Below is the error log that I get:

// Error Log
====================================================================
2015-09-16T14:28:48+0530 1.2.0.RELEASE INFO DeploymentsPathChildrenCache-0 
container.DeploymentListener - Deploying module 'log' for stream 
'spark-streaming-word-count'
2015-09-16T14:28:48+0530 1.2.0.RELEASE INFO DeploymentsPathChildrenCache-0 
container.DeploymentListener - Deploying module [ModuleDescriptor@6dbc4f81 
moduleName = 'log', moduleLabel = 'log', group = 'spark-streaming-word-count', 
sourceChannelName = [null], sinkChannelName = [null], index = 2, type = sink, 
parameters = map[[empty]], children = list[[empty]]]
2015-09-16T14:28:48+0530 1.2.0.RELEASE INFO DeploymentsPathChildrenCache-0 
container.DeploymentListener - Path cache event: 
path=/deployments/modules/allocated/4ff3ba84-e6ca-47dd-894f-aa92bdbb3e06/spark-streaming-word-count.processor.processor.1,
 type=CHILD_ADDED
2015-09-16T14:28:48+0530 1.2.0.RELEASE INFO DeploymentsPathChildrenCache-0 
container.DeploymentListener - Deploying module 'processor' for stream 
'spark-streaming-word-count'
2015-09-16T14:28:48+0530 1.2.0.RELEASE INFO DeploymentsPathChildrenCache-0 
container.DeploymentListener - Deploying module [ModuleDescriptor@5e16dafb 
moduleName = 'scala-word-count', moduleLabel = 'processor', group = 
'spark-streaming-word-count', sourceChannelName = [null], sinkChannelName = 
[null], index = 1, type = processor, parameters = map[[empty]], children = 
list[[empty]]]
2015-09-16T14:28:49+0530 1.2.0.RELEASE WARN DeploymentsPathChildrenCache-0 
util.NativeCodeLoader - Unable to load native-hadoop library for your 
platform... using builtin-java classes where applicable
2015-09-16T14:28:49+0530 1.2.0.RELEASE WARN 
sparkDriver-akka.actor.default-dispatcher-3 remote.ReliableDeliverySupervisor - 
Association with remote system [akka.tcp://sparkMaster@abcd.hadoop.ambari:7077] 

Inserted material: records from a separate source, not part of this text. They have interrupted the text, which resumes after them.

lemma Psi_paths_cols: "j \<in> {1..J} \<Longrightarrow> j \<noteq> jh \<Longrightarrow> (\<Sum>i\<in>{1..I}. Psi_paths \<alpha> \<beta> i j) = \<beta> j"
  using margin_Psi_paths[of "Inr j" \<alpha> \<beta>] by (simp add: margin_def if_distrib[of "\<lambda>x. _ * x"] cong: if_cong)

lemma Psi_paths_col_root:
  assumes "(\<alpha>, \<beta>) \<in> Dset I J"
  shows "(\<Sum>i\<in>{1..I}. Psi_paths \<alpha> \<beta> i jh) = \<beta> jh"
proof -
  have "(\<Sum>j\<in>{1..J}-{jh}. \<Sum>i\<in>{1..I}. Psi_paths \<alpha> \<beta> i j) = (\<Sum>j\<in>{1..J}-{jh}. \<beta> j)"
    by (intro sum.cong refl Psi_paths_cols) auto
  then have "(\<Sum>i\<in>{1..I}. Psi_paths \<alpha> \<beta> i jh) + (\<Sum>j\<in>{1..J}-{jh}. \<beta> j)
      = (\<Sum>j\<in>{1..J}. \<Sum>i\<in>{1..I}. Psi_paths \<alpha> \<beta> i j)"
    using root by (simp add: sum.remove)
  also have "\<dots> = (\<Sum>i\<in>{1..I}. \<Sum>j\<in>{1..J}. Psi_paths \<alpha> \<beta> i j)"
    by (rule sum.swap)
  also have "\<dots> = (\<Sum>i\<in>{1..I}. \<alpha> i)"
    by (intro sum.cong refl Psi_paths_rows) auto
  also have "\<dots> = (\<Sum>j\<in>{1..J}. \<beta> j)"
    using assms by (simp add: Dset_def)
  also have "\<dots> = \<beta> jh + (\<Sum>j\<in>{1..J}-{jh}. \<beta> j)"
    using root by (simp add: sum.remove)
  finally show ?thesis by simp
qed

lemma Psi_eq_Psi_paths:
  assumes "(\<alpha>, \<beta>) \<in> Dset I J"
  shows "Psi I J E \<alpha> \<beta> = Psi_paths \<alpha> \<beta>"
proof (rule Psi_eqI[OF tree Psi_paths_arrays])
  show "\<forall>j\<in>{1..J}. (\<Sum>i\<in>{1..I}. Psi_paths \<alpha> \<beta> i j) = \<beta> j"
    using Psi_paths_cols Psi_paths_col_root[OF assms] by blast
qed (use Psi_paths_rows in blast)

definition B1_paths :: "(nat \<Rightarrow> nat \<Rightarrow> real) \<Rightarrow> nat \<Rightarrow> nat \<Rightarrow> real" where
  "B1_paths mu = (\<lambda>i k. if i \<in> {1..I} \<and> k \<in> {1..I}
     then \<Sum>j\<in>{j. (i, j) \<in> E}. mu i j * alternating_array (root_path (Inl k)) i j else 0)"

definition B2_paths :: "(nat \<Rightarrow> nat \<Rightarrow> real) \<Rightarrow> nat \<Rightarrow> nat \<Rightarrow> real" where
  "B2_paths mu = (\<lambda>i l. if i \<in> {1..I} \<and> l \<in> {1..J} \<and> l \<noteq> jh
     then \<Sum>j\<in>{j. (i, j) \<in> E}. mu i j * alternating_array (root_path (Inr l)) i j else 0)"

lemma service_rate_Psi:
  assumes ab: "(\<alpha>, \<beta>) \<in> Dset I J" and i: "i \<in> {1..I}"
  shows "(\<Sum>j\<in>{j. (i, j) \<in> E}. mu i j * Psi I J E \<alpha> \<beta> i j)
    = mvec I (B1_paths mu) \<alpha> i + mvec J (B2_paths mu) \<beta> i"
proof -
  have "mvec J (B2_paths mu) \<beta> i = (\<Sum>l\<in>{1..J}-{jh}. B2_paths mu i l * \<beta> l)"
    unfolding mvec_def using root by (simp add: sum.remove B2_paths_def)
  then show ?thesis
    using i unfolding Psi_eq_Psi_paths[OF ab] Psi_paths_def mvec_def B1_paths_def
    by (simp add: B2_paths_def distrib_left sum.distrib sum_distrib_left sum_distrib_right
        mult_ac sum.swap[of _ "{j. (i, j) \<in> E}"])
qed

definition is_Bpair :: "(nat \<Rightarrow> nat \<Rightarrow> real) \<Rightarrow> (nat \<Rightarrow> nat \<Rightarrow> real) \<Rightarrow> (nat \<Rightarrow> nat \<Rightarrow> real) \<Rightarrow> bool" where
  "is_Bpair mu B1 B2 \<longleftrightarrow> B1 \<in> mats I I \<and> B2 \<in> mats I J \<and> (\<forall>i. B2 i jh = 0) \<and>
     (\<forall>(\<alpha>, \<beta>) \<in> Dset I J. \<forall>i\<in>{1..I}.
        (\<Sum>j\<in>{j. (i, j) \<in> E}. mu i j * Psi I J E \<alpha> \<beta> i j) = mvec I B1 \<alpha> i + mvec J B2 \<beta> i)"

lemma is_Bpair_paths: "is_Bpair mu (B1_paths mu) (B2_paths mu)"
  unfolding is_Bpair_def using service_rate_Psi by (auto simp: mats_def B1_paths_def B2_paths_def)

text \<open>Testing against \<open>(e\<^sub>k, e\<^sub>j\<^sub>h)\<close> and \<open>(0, e\<^sub>l - e\<^sub>j\<^sub>h)\<close> recovers every entry.\<close>
lemma is_Bpair_unique:
  assumes C: "is_Bpair mu C1 C2" and D: "is_Bpair mu D1 D2"
  shows "C1 = D1 \<and> C2 = D2"
proof -
  let ?e = "\<lambda>k l. if l = k then 1 else (0::real)"
  have same: "mvec I C1 \<alpha> i + mvec J C2 \<beta> i = mvec I D1 \<alpha> i + mvec J D2 \<beta> i"
    if "(\<alpha>, \<beta>) \<in> Dset I J" "i \<in> {1..I}" for \<alpha> \<beta> i
    using C D that unfolding is_Bpair_def by fastforce
  have c: "C1 \<in> mats I I" "C2 \<in> mats I J" "\<forall>i. C2 i jh = 0"
    and d: "D1 \<in> mats I I" "D2 \<in> mats I J" "\<forall>i. D2 i jh = 0"
    using C D unfolding is_Bpair_def by auto
  have "C1 i k = D1 i k" for i k
  proof (cases "i \<in> {1..I} \<and> k \<in> {1..I}")
    case True
    then have "(?e k, ?e jh) \<in> Dset I J"
      using root by (simp add: Dset_def unit_vecs)
    from same[OF this] True show ?thesis using c d root by (simp add: mvec_unit)
  qed (use c d in \<open>auto simp: mats_def\<close>)
  moreover have "C2 i l = D2 i l" for i l
  proof (cases "i \<in> {1..I} \<and> l \<in> {1..J} \<and> l \<noteq> jh")
    case True
    then have "(\<lambda>_. 0, \<lambda>m. ?e l m - ?e jh m) \<in> Dset I J"
      using root by (auto simp: Dset_def vecs_def sum_subtractf)
    from same[OF this] True show ?thesis using c d root by (simp add: mvec_unit mvec_zero mvec_diff)
  qed (use c d in \<open>auto simp: mats_def\<close>)
  ultimately show ?thesis by (auto intro!: ext)
qed

lemma Bmats_eq: "Bmats I J E mu jh = (B1_paths mu, B2_paths mu)"
proof -
  have "Bmats I J E mu jh = (THE x. case x of (B1, B2) \<Rightarrow> is_Bpair mu B1 B2)"
    unfolding Bmats_def is_Bpair_def by simp
  also have "\<dots> = (B1_paths mu, B2_paths mu)"
  proof (rule the_equality)
    fix x assume "case x of (B1, B2) \<Rightarrow> is_Bpair mu B1 B2"
    then show "x = (B1_paths mu, B2_paths mu)"
      using is_Bpair_unique[OF _ is_Bpair_paths] by (cases x) auto
  qed (simp add: is_Bpair_paths)
  finally show ?thesis .
qed

lemma B1mat_eq: "B1mat I J E mu jh = B1_paths mu"
  and B2mat_eq: "B2mat I J E mu jh = B2_paths mu"
  by (simp_all add: B1mat_def B2mat_def Bmats_eq)

lemma root_path_Inl:
  assumes k: "k \<in> {1..I}"
  obtains j rest where "root_path (Inl k) = Inl k # Inr j # rest" "(k, j) \<in> E"
    "Inl k \<notin> set (Inr j # rest)"
proof -
  have W: "root_path (Inl k) \<in> walks_to_root (Inl k)"
    using root_path_walks_to_root bip_vertices_Inl k by blast
  then obtain vs where P: "root_path (Inl k) = Inl k # vs"
    unfolding walks_to_root_def by (cases "root_path (Inl k)") auto
  moreover have "vs \<noteq> []" using W P unfolding walks_to_root_def by auto
  then obtain v rest where vs: "vs = v # rest" by (cases vs) auto
  moreover have "bip_adj E (Inl k) v" using W P vs unfolding walks_to_root_def by (simp add: walk_Cons)
  then obtain j where j: "v = Inr j" "(k, j) \<in> E" unfolding bip_adj_def by auto
  moreover have "Inl k \<notin> set vs"
  proof
    assume "Inl k \<in> set vs"
    then obtain m where m: "m < length vs" "vs ! m = Inl k" by (meson in_set_conv_nth)
    then have "drop (Suc m) (root_path (Inl k)) \<in> walks_to_root (Inl k)"
      using drop_walks_to_root[OF W, of "Suc m"] P by simp
    with root_path_shortest have "length (root_path (Inl k)) \<le> length vs - m" by fastforce
    with m P show False by simp
  qed
  ultimately show ?thesis using that by blast
qed

definition depth :: "nat \<Rightarrow> nat" where
  "depth k = length (root_path (Inl k))"

lemma depth_ge_2: "k \<in> {1..I} \<Longrightarrow> 2 \<le> depth k"
  by (elim root_path_Inl) (simp add: depth_def)

lemma root_path_adjacent:
  assumes "(i, jh) \<in> E"
  shows "root_path (Inl i) = [Inl i, Inr jh]"
proof -
  have i: "i \<in> {1..I}" using assms edges by auto
  have "[Inl i, Inr jh] \<in> walks_to_root (Inl i)"
    using assms unfolding walks_to_root_def by (auto simp: walk_Cons bip_adj_def)
  then have "length (root_path (Inl i)) \<le> 2" using root_path_shortest by fastforce
  moreover obtain j rest where "root_path (Inl i) = Inl i # Inr j # rest"
    using root_path_Inl[OF i] by blast
  moreover have "last (root_path (Inl i)) = Inr jh"
    using root_path_walks_to_root[OF bip_vertices_Inl[OF i]] unfolding walks_to_root_def by simp
  ultimately show ?thesis by auto
qed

has failed, address is now gated for [5000] ms. Reason is: [Disassociated].
2015-09-16T14:29:09+0530 1.2.0.RELEASE WARN 
sparkDriver-akka.actor.default-dispatcher-4 remote.ReliableDeliverySupervisor - 
Association with remote system [akka.tcp://sparkMaster@abcd.hadoop.ambari:7077] 
has failed, address is now gated for [5000] ms. Reason is: [Disassociated].
2015-09-16T14:29:18+0530 1.2.0.RELEASE INFO DeploymentsPathChildrenCache-0 
container.DeploymentListener - Path cache event: 
path=/deployments/modules/allocated/8d07cdba-557e-458a-9225-b90e5a5778ce/spark-streaming-word-count.source.http.1,
 type=CHILD_ADDED
2015-09-16T14:29:18+0530 1.2.0.RELEASE INFO DeploymentsPathChildrenCache-0 
container.DeploymentListener - Deploying module 'http' for stream 
'spark-streaming-word-count'
2015-09-16T14:29:18+0530 1.2.0.RELEASE INFO DeploymentsPathChildrenCache-0 
container.DeploymentListener - Deploying module [ModuleDescriptor@610e43b0 
moduleName = 'http', moduleLabel = 'http', group = 
'spark-streaming-word-count', sourceChannelName = [null], sinkChannelName = 
[null], index = 0, type = source, parameters = map[[empty]], children = 
list[[empty]]]
2015-09-16T14:29:19+0530 1.2.0.RELEASE INFO DeploymentSupervisor-0 
zk.ZKStreamDeploymentHandler - Deployment status for stream 
'spark-streaming-word-count': DeploymentStatus{state=failed,error(s)=Deployment 
of module 'ModuleDeploymentKey{stream='spark-streaming-word-count', 
type=processor, label='processor'}' to container 
'4ff3ba84-e6ca-47dd-894f-aa92bdbb3e06' timed out after 30000 ms}
2015-09-16T14:29:29+0530 1.2.0.RELEASE WARN 
sparkDriver-akka.actor.default-dispatcher-4 remote.ReliableDeliverySupervisor - 
Association with remote system [akka.tcp://sparkMaster@abcd.hadoop.ambari:7077] 
has failed, address is now gated for [5000] ms. Reason is: [Disassociated].
2015-09-16T14:29:49+0530 1.2.0.RELEASE ERROR 
sparkDriver-akka.actor.default-dispatcher-3 cluster.SparkDeploySchedulerBackend 
- Application has been killed. Reason: All masters are unresponsive! Giving up.
2015-09-16T14:29:49+0530 1.2.0.RELEASE WARN DeploymentsPathChildrenCache-0 
cluster.SparkDeploySchedulerBackend - Application ID is not initialized yet.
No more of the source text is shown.